Это что! За ТО-1 — первый техосмотр — надо платить рубль, а за ТО-2, где меняют масло, смотрят тормоза, рулевое, контакты, зажигание — до червонца! И ничего нельзя поделать. Тебе скажут: «Ты свой чирик в день имеешь? Имеешь. А благодаря кому? Нам!» Логика?

«Что такое  ч и р и к?» Десять рублей, чаевые, век бы их не видеть. Да, он берет чаевые, потому что надо давать на въезде, мойщице, механику, кассиру… Вот так-то, дорогая маман! «Живи сам и давай жить другим». Нет, с него хватит этого унижения.

А теперь вопрос — где взять денег на этого лося? Ну, у Ветки есть рублей сто. Ее сережки и колечко — в ломбард: еще сотня. Любовь Ивановна кивнула: она отдаст и свое кольцо тоже. А остальное займет у Зои. Ничего, руки есть, сяду снова за швейную машинку… Она потрепала густые и жесткие Володькины волосы.

— Встряхнись, — весело сказала она, — и чтобы у тебя в жизни большего горя не было.

Надо было собирать на стол, и она занялась завтраком, не замечая, что Володька пристально разглядывает ее.

— Слушай, маман, — вдруг сказал он, — это у тебя серьезно?

— Что? — остановилась она.

— Я ж не младенец все-таки. Ты его давно знаешь?

Любовь Ивановна почувствовала, что безудержно краснеет, будто Володька поймал ее на чем-то нехорошем и ей надо оправдываться и говорить совсем не то, что хотелось бы.
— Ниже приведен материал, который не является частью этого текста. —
(* Let $\omega=\frac{-1+\sqrt{-3}}{2}$. For $k=1,2,3$ let $C_k\subset\mathbf{C}^2$ be the affine curve $y_k^2=x_k^3-1$ and $g_k(x_k,y_k)=(\omega x_k,-y_k)$. Let $V=C_1\times C_2\times C_3$, $g=g_1\times g_2\times g_3$, and $W=V/\langle g\rangle$. Then the affine coordinate ring $\mathbf{C}[W]$ is the subring $$R=\mathbf{C}[y_1^2,y_2^2,y_3^2,y_1y_2,y_2y_3,y_3y_1,\ x_1^ix_2^jx_3^k\ (0\le i,j,k\le 2,\ i+j+k=3)]$$ of the ring $\tilde R=\mathbf{C}[y_1,y_2,y_3,x_1,x_2,x_3]/(y_1^2-x_1^3+1,\ y_2^2-x_2^3+1,\ y_3^2-x_3^3+1)$.
   Context: $\tilde R$ is the affine coordinate ring of $V$, and $\mathbf{C}[W]$ is identified with the invariant subring $\tilde R^{g}$. *)

theory Defs
  imports Complex_Main
begin

datatype var = X1 | X2 | X3 | Y1 | Y2 | Y3

type_synonym pt = "var \<Rightarrow> complex"

inductive_set gen_alg :: "(pt \<Rightarrow> complex) set \<Rightarrow> (pt \<Rightarrow> complex) set"
  for S :: "(pt \<Rightarrow> complex) set" where
  gen: "f \<in> S \<Longrightarrow> f \<in> gen_alg S"
| const: "(\<lambda>_. c) \<in> gen_alg S"
| add: "f \<in> gen_alg S \<Longrightarrow> h \<in> gen_alg S \<Longrightarrow> (\<lambda>p. f p + h p) \<in> gen_alg S"
| mult: "f \<in> gen_alg S \<Longrightarrow> h \<in> gen_alg S \<Longrightarrow> (\<lambda>p. f p * h p) \<in> gen_alg S"

definition poly_funs :: "(pt \<Rightarrow> complex) set" where
  "poly_funs = gen_alg {(\<lambda>p. p v) | v. True}"

definition omega :: complex where
  "omega = (-1 + \<i> * complex_of_real (sqrt 3)) / 2"

definition V :: "pt set" where
  "V = {p. p Y1 ^ 2 = p X1 ^ 3 - 1 \<and> p Y2 ^ 2 = p X2 ^ 3 - 1 \<and> p Y3 ^ 2 = p X3 ^ 3 - 1}"

definition gmap :: "pt \<Rightarrow> pt" where
  "gmap p = (\<lambda>v. case v of X1 \<Rightarrow> omega * p X1 | X2 \<Rightarrow> omega * p X2 | X3 \<Rightarrow> omega * p X3
                         | Y1 \<Rightarrow> - p Y1 | Y2 \<Rightarrow> - p Y2 | Y3 \<Rightarrow> - p Y3)"

definition R_gens :: "(pt \<Rightarrow> complex) set" where
  "R_gens =
     {(\<lambda>p. p Y1 ^ 2), (\<lambda>p. p Y2 ^ 2), (\<lambda>p. p Y3 ^ 2),
      (\<lambda>p. p Y1 * p Y2), (\<lambda>p. p Y2 * p Y3), (\<lambda>p. p Y3 * p Y1)}
   \<union> {(\<lambda>p. p X1 ^ i * p X2 ^ j * p X3 ^ k) | i j k.
        i \<le> 2 \<and> j \<le> 2 \<and> k \<le> 2 \<and> i + j + k = 3}"

end

theory Submission
  imports Defs
begin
— Он хороший человек, Володя, — тихо сказала Любовь Ивановна. — И очень одинокий…

— Тебе виднее, — поднялся Володька. — Я пойду.

От завтрака он отказался. Взял кольцо. Обещал позвонить вечером. С Дружининым попрощался, не заходя в комнату, из прихожей, и, когда ушел, Любовь Ивановна подумала: даже «спасибо» не сказал… Но эта мысль скользнула и ушла. Наверно, парень слишком огорчен тем, что с ним случилось…

Дружинин обнял ее, и Любовь Ивановна прижалась к нему.

— Был трудный разговор? — спросил он.

— Не очень. Но теперь мне и трудный — не трудный…

То, что вдруг так нежданно-негаданно обрушилось на нее — поздняя и поэтому торопливая любовь, с ее новыми заботами и тревогами, уже забытым ощущением жизненной прочности, д о м а,  с е м ь и, — оказалось счастьем. Говоря Володьке, что Дружинин — хороший человек, она не кривила душой, он казался ей таким, и она была уверена в своем мнении. Что из того, что они были знакомы всего три с лишним месяца и Любовь Ивановна почти ничего не знала о нем? Узнавание друг друга было тоже торопливым. Оба словно стремились к одному — выговориться, потому что годами, молча, загоняли в себя неурядицы и беды, трудные мысли и духовное одиночество — все, что не просто скапливалось в душе или раскладывалось там по каким-то невидимым полочкам, а как бы спрессовывалось, сжималось в одну тугую пружину, и вот сейчас эта пружина начала стремительно расправляться.

Дружинин был ласков; эта постоянная ласковость была ошеломительной и, в сущности, первой в ее жизни. Порой ей казалось, что этот немолодой уже человек отдает ей все, не растраченное годами и десятилетиями, и с такой щедростью, что Любови Ивановне становилось страшно: а что потом, а если все кончится?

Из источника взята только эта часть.